The goal of adjuvant treatment intensification is to eradicate occult micrometastatic disease. In our study, the median interval from detecting ctDNA to an EFS event was 4.7 months and most of the EFS events (81%) involved distant recurrence, suggesting that ctDNA positivity is a harbinger of rapid clinical disease recurrence. Our observation is similar to findings recently reported from the c-TRAK TN trial, which identified that ctDNA positivity was associated with a 4.1-month lead time until clinical detection of recurrence10. This is a clinically meaningful observation, as it has implications for the sequence of adjuvant systemic and local therapies and the design of trials incorporating adjuvant systemic therapy for TNBC patients with residual disease. Most patients in the CREATE-X trial4 completed radiotherapy before initiating capecitabine, and the current National Comprehensive Cancer Network (NCCN) guidelines indicate that capecitabine should be given after completion of radiotherapy (NCCN Version 2.2022). The short interval between the detection of ctDNA and clinical recurrence suggests that the window of opportunity for adjuvant systemic therapy to eradicate non-locoregional micrometastatic disease may be very small. The findings from our study and the cTRAK TN trial suggest that future investigations might consider swift initiation of adjuvant systemic therapy prior to radiotherapy in patients at a very high risk of distant recurrence, as that risk might significantly outweigh the risk of locoregional recurrence.

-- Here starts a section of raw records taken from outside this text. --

lemma stationary_dist_le:
  assumes "G p = 0"
  shows "\<mu> * norm (y - p) \<le> norm (G y)"
proof -
  have "F y - G y \<bullet> (y - p) + \<mu>/2 * (norm (y - p))\<^sup>2 \<le> F p"
    using quadratic_lower[of y p] by (simp add: inner_diff_right norm_minus_commute)
  moreover have "F p + \<mu>/2 * (norm (y - p))\<^sup>2 \<le> F y"
    using quadratic_lower[of p y] assms by simp
  moreover have "G y \<bullet> (y - p) \<le> norm (G y) * norm (y - p)"
    by (rule norm_cauchy_schwarz)
  ultimately have "(\<mu> * norm (y - p)) * norm (y - p) \<le> norm (G y) * norm (y - p)"
    by (simp add: power2_eq_square algebra_simps)
  then show ?thesis
    using mu_pos by (cases "y = p") (auto intro: mult_right_le_imp_le)
qed

lemma argmin_eq_stationary:
  assumes "G p = 0"
  shows "(THE x. \<forall>y. F x \<le> F y) = p"
proof (rule the_equality)
  show "\<forall>y. F p \<le> F y"
    using stationary_imp_minimum[OF assms] by blast
next
  fix q
  assume "\<forall>y. F q \<le> F y"
  then have "G q = 0"
    by (intro minimum_imp_stationary) blast
  then show "q = p"
    using stationary_dist_le[OF assms, of q] mu_pos by (simp add: mult_le_0_iff)
qed

lemma exists_minimum: "\<exists>m. \<forall>y. F m \<le> F y"
proof -
  define r where "r = 2 * norm (G 0) / \<mu>"
  have r_nonneg: "0 \<le> r"
    using mu_pos by (simp add: r_def)
  have far: "F 0 < F y" if "r < norm y" for y
  proof -
    have "norm (G 0) * norm y = \<mu>/2 * r * norm y"
      using mu_pos by (simp add: r_def)
    also have "\<dots> < \<mu>/2 * norm y * norm y"
      using mu_pos that r_nonneg by (intro mult_strict_right_mono mult_strict_left_mono) auto
    finally have "norm (G 0) * norm y < \<mu>/2 * (norm y)\<^sup>2"
      by (simp add: power2_eq_square)
    moreover have "- (norm (G 0) * norm y) \<le> G 0 \<bullet> y"
      using norm_cauchy_schwarz[of "- G 0" y] by simp
    moreover have "F 0 + G 0 \<bullet> y + \<mu>/2 * (norm y)\<^sup>2 \<le> F y"
      using quadratic_lower[of 0 y] by simp
    ultimately show ?thesis
      by linarith
  qed
  have "continuous_on (cball 0 r) F"
    by (rule continuous_at_imp_continuous_on) (use gradient has_derivative_continuous in blast)
  moreover have "0 \<in> cball (0::real^'d) r"
    using mu_pos by (simp add: r_def)
  ultimately obtain m where "\<And>y. y \<in> cball 0 r \<Longrightarrow> F m \<le> F y"
    using continuous_attains_inf[OF compact_cball] by blast
  then have "F m \<le> F y" for y
    using far[of y] \<open>0 \<in> cball 0 r\<close> by (cases "y \<in> cball 0 r") fastforce+
  then show ?thesis
    by blast
qed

Our study has several limitations. First, ctDNA status was assessed retrospectively in archival plasma samples, though the collection of all blood and clinical follow-up data was performed prospectively as part of our ongoing registry (PROGECT; NCT02302742). We also did not have radiographic staging performed concurrently with plasma collection, and recent data suggest that many patients with detectable ctDNA, especially those with residual nodal disease after NAST, may have overt metastatic disease10. An additional limitation is that the ctDNA assessment was only performed at a single time point, and this occurred over a period of six months. ctDNA status may be a dynamic biomarker, with ctDNA+ patients converting to ctDNA- as a consequence of adjuvant therapy11, or ctDNA− patients converting to ctDNA+ on later assessments10. We also did not have comprehensive germline sequencing available for these patients, though we were able to corroborate the majority of 40–60% VAF cfDNA mutations as germline, and/or the presence of a 40–60% VAF cfDNA mutation did not change their status, since nearly all of those patients had co-existing low-frequency cfDNA mutation(s) that otherwise met the criteria for ctDNA+ status. Interestingly, in the single patient with a detectable 40–60% VAF cfDNA BRCA2 mutation who did not undergo germline genetic testing, we also found co-existing 40–60% VAF cfDNA mutations in SRSF2 and STAG2. Both mutations are seen commonly in patients with myelodysplastic syndrome (MDS)15,16, and this patient did receive a subsequent diagnosis of MDS. We suspect that this patient carried a germline mutation in BRCA2, which is known to increase the risk of myeloid malignancy17, and that the SRSF2 and STAG2 cfDNA mutations were arising from dysplastic myeloblasts rather than her TNBC.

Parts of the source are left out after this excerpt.